The GPU is in slot 6. The x8 in a x16 slot is marked on the board, as are the rest. I had checked the manual to make sure that I chose a true 2.0x16 slot.
I actually have 24GB (not 32GB sorry) of RAM, 6 4GB sticks of PC3-10600R, in P1 DIMM1A, 1B and 1C, and P2 DIMM1A, 1B and 1C as I believe thats how the documentation said was preferable.
Processor is Xeon E5520 @ 2.27GHz.
I tested this on 3 other systems of the same setup too and got similar results. In a normal dell workstation, the card gets about 5.5 up and down as I would’ve hoped.
I would think with QPI between the processors I would be able to satisfy ~5GB/s with out any trouble… but to your point:
(btw, numactl lets you control where your process runs and where it stores its memory) EDIT - was using physcpubind instead of cpunodebind originally… fixed results now.
I tested with the following commands, just now:
Unpinned performance is horrid off of either cpu.

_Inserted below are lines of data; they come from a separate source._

text \<open>
  Shrinking a corner row k of a (or, by the symmetry that
  exchanges a and b and replaces k by m - k, of b) can only make k a witness for crossness,
  so in an almost cross bipartition every corner row k satisfies a k + b (m - k) = n + 1.
  Every nonzero row ends in a block of equal rows whose last row is a corner; this forces
  all rows beyond m to vanish and all these m + 1 sums to equal n + 1. Conversely such a
  bipartition is almost cross, since removing any box breaks one of the equalities.

  On the weight diagram side, the labels outside the window [-m, n + 1] are as prescribed
  exactly when both partitions fit in the (m + 1) \<times> (n + 1) box. Then I_wedge and I_vee
  each meet the window in m + 1 points, and the counts of crosses and circles are m + 1
  and n + 1 exactly when these two sets coincide. Both are enumerated monotonically by the
  rows, so they coincide iff the rows pair up as above.
\<close>

lemma partition_antimono: "is_partition a \<Longrightarrow> i \<le> j \<Longrightarrow> a j \<le> a i"
  unfolding is_partition_def by (metis lift_Suc_antimono_le)

lemma partition_passes_level:
  assumes "is_partition a" and "0 < c" and "c \<le> a i"
  obtains p where "i \<le> p" and "c \<le> a p" and "a (Suc p) < c"
proof -
  let ?S = "{p. c \<le> a p}"
  have "?S \<subseteq> {i. a i \<noteq> 0}" using \<open>0 < c\<close> by auto
  then have "finite ?S" using assms(1) finite_subset unfolding is_partition_def by blast
  moreover have "i \<in> ?S" using assms(3) by simp
  ultimately have "i \<le> Max ?S" "Max ?S \<in> ?S" "Suc (Max ?S) \<notin> ?S"
    using Max_ge Max_in[of ?S] Max_ge[of ?S "Suc (Max ?S)"] by fastforce+
  then show thesis using that by auto
qed

lemma is_partition_remove_corner:
  assumes "is_partition a" and "a (Suc k) < a k"
  shows "is_partition (a(k := a k - 1))"
  unfolding is_partition_def
proof
  show "\<forall>i. (a(k := a k - 1)) (Suc i) \<le> (a(k := a k - 1)) i"
  proof
    fix i
    have "a (Suc i) \<le> a i" using assms(1) unfolding is_partition_def by blast
    then show "(a(k := a k - 1)) (Suc i) \<le> (a(k := a k - 1)) i"
      using assms(2) by (cases "Suc i = k"; cases "i = k") auto
  qed
  have "{i. (a(k := a k - 1)) i \<noteq> 0} \<subseteq> {i. a i \<noteq> 0}" by auto
  then show "finite {i. (a(k := a k - 1)) i \<noteq> 0}"
    using assms(1) finite_subset unfolding is_partition_def by blast
qed

lemma card_Int_eq_iff_eq:
  assumes "finite A" and "finite B" and "card A = card B"
  shows "card (A \<inter> B) = card A \<longleftrightarrow> A = B"
proof
  assume "card (A \<inter> B) = card A"
  then have "A \<inter> B = A" using card_subset_eq[OF assms(1), of "A \<inter> B"] by blast
  then have "A \<subseteq> B" by blast
  then show "A = B" using card_subset_eq[OF assms(2), of A] assms(3) by simp
qed simp

lemma card_Un_eq_iff_eq:
  assumes "finite A" and "finite B" and "card A = card B"
  shows "card (A \<union> B) = card A \<longleftrightarrow> A = B"
proof
  assume "card (A \<union> B) = card A"
  then have "A = A \<union> B" using card_subset_eq[of "A \<union> B" A] assms(1,2) by simp
  then have "B \<subseteq> A" by blast
  then show "A = B" using card_subset_eq[OF assms(1), of B] assms(3) by simp
qed simp
lemma continuous_map_sum_over_compact_fibres:
  fixes b :: "'a \<Rightarrow> real"
  assumes X: "Hausdorff_space X" and Y: "Hausdorff_space Y"
    and p: "continuous_map X Y p" "local_homeomorphism_map X Y p"
    and b: "continuous_map X euclidean b" and K: "compactin X K"
    and supp: "\<And>x. x \<in> topspace X \<Longrightarrow> x \<notin> K \<Longrightarrow> b x = 0"
  shows "continuous_map Y euclidean (\<lambda>y. \<Sum>x\<in>{x \<in> K. p x = y}. b x)"
proof (rule continuous_map_locally)
  fix y0 assume y0: "y0 \<in> topspace Y"
  define F where "F = {x \<in> K. p x = y0}"
  obtain W \<sigma> where W: "openin Y W" "y0 \<in> W"
    and \<sigma>_cont: "\<And>x. x \<in> F \<Longrightarrow> continuous_map (subtopology Y W) X (\<sigma> x)"
    and \<sigma>_fibre: "\<And>x y. x \<in> F \<Longrightarrow> y \<in> W \<Longrightarrow> p (\<sigma> x y) = y"
    and \<sigma>_inj: "\<And>y. y \<in> W \<Longrightarrow> inj_on (\<lambda>x. \<sigma> x y) F"
    and \<sigma>_covers: "\<And>y. y \<in> W \<Longrightarrow> {x \<in> K. p x = y} \<subseteq> (\<lambda>x. \<sigma> x y) ` F"
    using compact_fibres_local_sections[OF X Y p K y0] unfolding F_def by blast
  have "finite F"
    unfolding F_def using p(2) K by (rule finite_fibre_Int_compactin)
  have \<sigma>_X: "\<sigma> x y \<in> topspace X" if "x \<in> F" "y \<in> W" for x y
    using continuous_map_image_subset_topspace[OF \<sigma>_cont[OF that(1)]] that(2) openin_subset[OF W(1)]
    by force
  have "(\<Sum>x\<in>{x \<in> K. p x = y}. b x) = (\<Sum>x\<in>F. b (\<sigma> x y))" if y: "y \<in> W" for y
  proof -
    have "(\<Sum>x\<in>{x \<in> K. p x = y}. b x) = (\<Sum>x\<in>(\<lambda>x. \<sigma> x y) ` F. b x)"
      by (rule sum.mono_neutral_left)
        (use \<open>finite F\<close> \<sigma>_covers[OF y] \<sigma>_fibre[OF _ y] supp[OF \<sigma>_X[OF _ y]] in auto)
    also have "\<dots> = (\<Sum>x\<in>F. b (\<sigma> x y))"
      by (rule sum.reindex[OF \<sigma>_inj[OF y], unfolded comp_def])
    finally show ?thesis .
  qed
  moreover have "continuous_map (subtopology Y W) euclidean (\<lambda>y. \<Sum>x\<in>F. b (\<sigma> x y))"
    using \<sigma>_cont b by (intro continuous_map_sum \<open>finite F\<close>) (auto intro: continuous_map_compose[unfolded comp_def])
  ultimately have "continuous_map (subtopology Y W) euclidean (\<lambda>y. \<Sum>x\<in>{x \<in> K. p x = y}. b x)"
    by (auto intro: continuous_map_eq)
  then show "\<exists>W. openin Y W \<and> y0 \<in> W \<and>
      continuous_map (subtopology Y W) euclidean (\<lambda>y. \<Sum>x\<in>{x \<in> K. p x = y}. b x)"
    using W by blast
qed

section \<open>Fibrewise square sums\<close>

definition fibre_sq_sum :: "'a set \<Rightarrow> ('a \<Rightarrow> 'b) \<Rightarrow> ('a \<Rightarrow> real) \<Rightarrow> 'b \<Rightarrow> ennreal" where
  "fibre_sq_sum A p a y = (\<Sum>\<^sub>\<infinity>x\<in>{x \<in> A. p x = y}. ennreal ((a x)\<^sup>2))"

text \<open>The function of the theorem. Note that \<open>enn2real\<close> sends an infinite fibre sum to \<open>0\<close>.\<close>

definition fibre_norm :: "'g set \<Rightarrow> ('g \<Rightarrow> 'g) \<Rightarrow> ('g \<Rightarrow> 'g) \<Rightarrow> ('g \<Rightarrow> real) \<Rightarrow> 'g \<Rightarrow> real" where
  "fibre_norm G r s a x = sqrt (enn2real (max (fibre_sq_sum G s a x) (fibre_sq_sum G r a x)))"

lemma fibre_sq_sum_le_l2sq:
  assumes "x \<in> units G r"
  shows "fibre_sq_sum G s a x \<le> l2sq G r s a" "fibre_sq_sum G r a x \<le> l2sq G r s a"
  unfolding l2sq_def fibre_sq_sum_def using assms by (auto intro: SUP_upper2)

lemma fibre_sq_sum_compact_support:
  assumes "K \<subseteq> A" "finite {x \<in> K. p x = y}" "\<And>x. x \<in> A \<Longrightarrow> x \<notin> K \<Longrightarrow> a x = 0"
  shows "fibre_sq_sum A p a y = ennreal (\<Sum>x\<in>{x \<in> K. p x = y}. (a x)\<^sup>2)"
proof -
  have "fibre_sq_sum A p a y = (\<Sum>\<^sub>\<infinity>x\<in>{x \<in> K. p x = y}. ennreal ((a x)\<^sup>2))"
    unfolding fibre_sq_sum_def by (rule infsum_cong_neutral) (use assms in auto)
  also have "\<dots> = ennreal (\<Sum>x\<in>{x \<in> K. p x = y}. (a x)\<^sup>2)"
    using assms(2) by (simp add: sum_ennreal)
  finally show ?thesis .
qed

lemma fibre_norm_eq_max:
  assumes "fibre_sq_sum G s a x < top" "fibre_sq_sum G r a x < top"
  shows "fibre_norm G r s a x =
    max (sqrt (enn2real (fibre_sq_sum G s a x))) (sqrt (enn2real (fibre_sq_sum G r a x)))"
proof -
  have "enn2real (max u v) = max (enn2real u) (enn2real v)" if "u < top" "v < top" for u v :: ennreal
    using that enn2real_mono[of u v] enn2real_mono[of v u] by (auto simp: max_def)
  then show ?thesis
    using assms unfolding fibre_norm_def by (auto simp: max_def)
qed

lemma continuous_map_fibre_norm:
  assumes X: "Hausdorff_space X"
    and r: "continuous_map X X r" "local_homeomorphism_map X X r"
    and s: "continuous_map X X s" "local_homeomorphism_map X X s"
    and a: "continuous_map X euclidean a" and K: "compactin X K"
    and supp: "\<And>x. x \<in> topspace X \<Longrightarrow> x \<notin> K \<Longrightarrow> a x = 0"
  shows "continuous_map X euclidean (fibre_norm (topspace X) r s a)"
proof -
  have sum_eq: "fibre_sq_sum (topspace X) p a y = ennreal (\<Sum>x\<in>{x \<in> K. p x = y}. (a x)\<^sup>2)"
    if "local_homeomorphism_map X X p" for p y
    using compactin_subset_topspace[OF K] finite_fibre_Int_compactin[OF that K] supp
    by (rule fibre_sq_sum_compact_support)
  have "fibre_norm (topspace X) r s a =
      (\<lambda>y. max (sqrt (\<Sum>x\<in>{x \<in> K. s x = y}. (a x)\<^sup>2)) (sqrt (\<Sum>x\<in>{x \<in> K. r x = y}. (a x)\<^sup>2)))"
    by (rule ext, subst fibre_norm_eq_max) (simp_all add: sum_eq r(2) s(2) sum_nonneg)
  moreover have sum_cont: "continuous_map X euclidean (\<lambda>y. \<Sum>x\<in>{x \<in> K. p x = y}. (a x)\<^sup>2)"
    if "continuous_map X X p" "local_homeomorphism_map X X p" for p
    using X X that _ K by (rule continuous_map_sum_over_compact_fibres) (use a supp in \<open>auto intro: continuous_intros\<close>)
  ultimately show ?thesis
    using sum_cont[OF r] sum_cont[OF s] by (simp add: continuous_map_real_max continuous_map_sqrt)
qed

lemma fibre_norm_diff_le:
  fixes a b d :: "'g \<Rightarrow> real"
  assumes x: "x \<in> units G r"
    and nonneg: "\<And>\<gamma>. \<gamma> \<in> G \<Longrightarrow> 0 \<le> a \<gamma> \<and> 0 \<le> b \<gamma>"
    and diff: "\<And>\<gamma>. \<gamma> \<in> G \<Longrightarrow> \<bar>a \<gamma> - b \<gamma>\<bar> \<le> d \<gamma>"
    and b_finite: "fibre_sq_sum G s b x < top" "fibre_sq_sum G r b x < top"
    and d_finite: "l2sq G r s d < top"
  shows "\<bar>fibre_norm G r s a x - fibre_norm G r s b x\<bar> \<le> sqrt (enn2real (l2sq G r s d))"
proof -
  define D where "D = enn2real (l2sq G r s d)"
  have D: "l2sq G r s d = ennreal D" "0 \<le> D"
    using d_finite unfolding D_def by (auto simp: ennreal_enn2real_if)
  have "fibre_sq_sum G p a x < top \<and>
      \<bar>sqrt (enn2real (fibre_sq_sum G p a x)) - sqrt (enn2real (fibre_sq_sum G p b x))\<bar> \<le> sqrt D"
    if "fibre_sq_sum G p b x < top" "fibre_sq_sum G p d x \<le> l2sq G r s d" for p
  proof -
    have "fibre_sq_sum G p d x \<le> ennreal D"
      using that(2) D(1) by simp
    then show ?thesis
      using sqrt_infsum_square_diff_le[where A = "{\<gamma> \<in> G. p \<gamma> = x}" and a = a and b = b and d = d and D = D]
        nonneg diff that(1) D(2)
      unfolding fibre_sq_sum_def by blast
  qed
  then have a_finite: "fibre_sq_sum G s a x < top" "fibre_sq_sum G r a x < top"
    and diff_s: "\<bar>sqrt (enn2real (fibre_sq_sum G s a x)) - sqrt (enn2real (fibre_sq_sum G s b x))\<bar> \<le> sqrt D"
    and diff_r: "\<bar>sqrt (enn2real (fibre_sq_sum G r a x)) - sqrt (enn2real (fibre_sq_sum G r b x))\<bar> \<le> sqrt D"
    using b_finite fibre_sq_sum_le_l2sq[OF x] by blast+
  have "\<bar>max (sqrt (enn2real (fibre_sq_sum G s a x))) (sqrt (enn2real (fibre_sq_sum G r a x))) -
      max (sqrt (enn2real (fibre_sq_sum G s b x))) (sqrt (enn2real (fibre_sq_sum G r b x)))\<bar> \<le> sqrt D"
    using diff_s diff_r by (rule abs_max_diff_le)
  then show ?thesis
    using a_finite b_finite unfolding D_def by (simp add: fibre_norm_eq_max)
qed

lemma groupoidD:
  assumes "groupoid G r s m i"
  shows groupoid_closed: "\<And>a. a \<in> G \<Longrightarrow> r a \<in> G \<and> s a \<in> G \<and> i a \<in> G"
    and groupoid_range_source: "\<And>a. a \<in> G \<Longrightarrow> r (r a) = r a \<and> s (r a) = r a \<and> r (s a) = s a \<and> s (s a) = s a"
    and groupoid_mult: "\<And>a b. a \<in> G \<Longrightarrow> b \<in> G \<Longrightarrow> s a = r b \<Longrightarrow> m a b \<in> G \<and> r (m a b) = r a \<and> s (m a b) = s b"
    and groupoid_assoc: "\<And>a b c. a \<in> G \<Longrightarrow> b \<in> G \<Longrightarrow> c \<in> G \<Longrightarrow> s a = r b \<Longrightarrow> s b = r c \<Longrightarrow>
      m (m a b) c = m a (m b c)"
    and groupoid_unit_mult: "\<And>a. a \<in> G \<Longrightarrow> m (r a) a = a \<and> m a (s a) = a"
    and groupoid_inverse: "\<And>a. a \<in> G \<Longrightarrow> r (i a) = s a \<and> s (i a) = r a \<and> m a (i a) = r a \<and> m (i a) a = s a"
  using assms unfolding groupoid_def by blast+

For Slot 6 It got a little better all off CPU 1 with pinned memory, but the Device-host is still slow… and a standard dell workstation (using similar generation i7) gets better speeds without using pinned memory.
Slot 2 was bad too though worse and better in places… I can’t trust this machine for benchmarking with such wild and poor results…
Could it be some other issue with the chipset? Furthermore, I have two (they are both new also) of these GPUs and they have the same behavior.
To the OP - sorry if this is considered thread hi-jacking, but hopefully this gives you things to try as well.
Thanks Gert-Jan for testing two kinds of computers!
My CPU is Intel Q6600 and motherboard is ASUS P5E-VM DO
(||ASUS Global)
which has PCI-e v1.1.
A very old computer…
I guess this old CPU plus old PCI-e is the reason for my low transfer speed.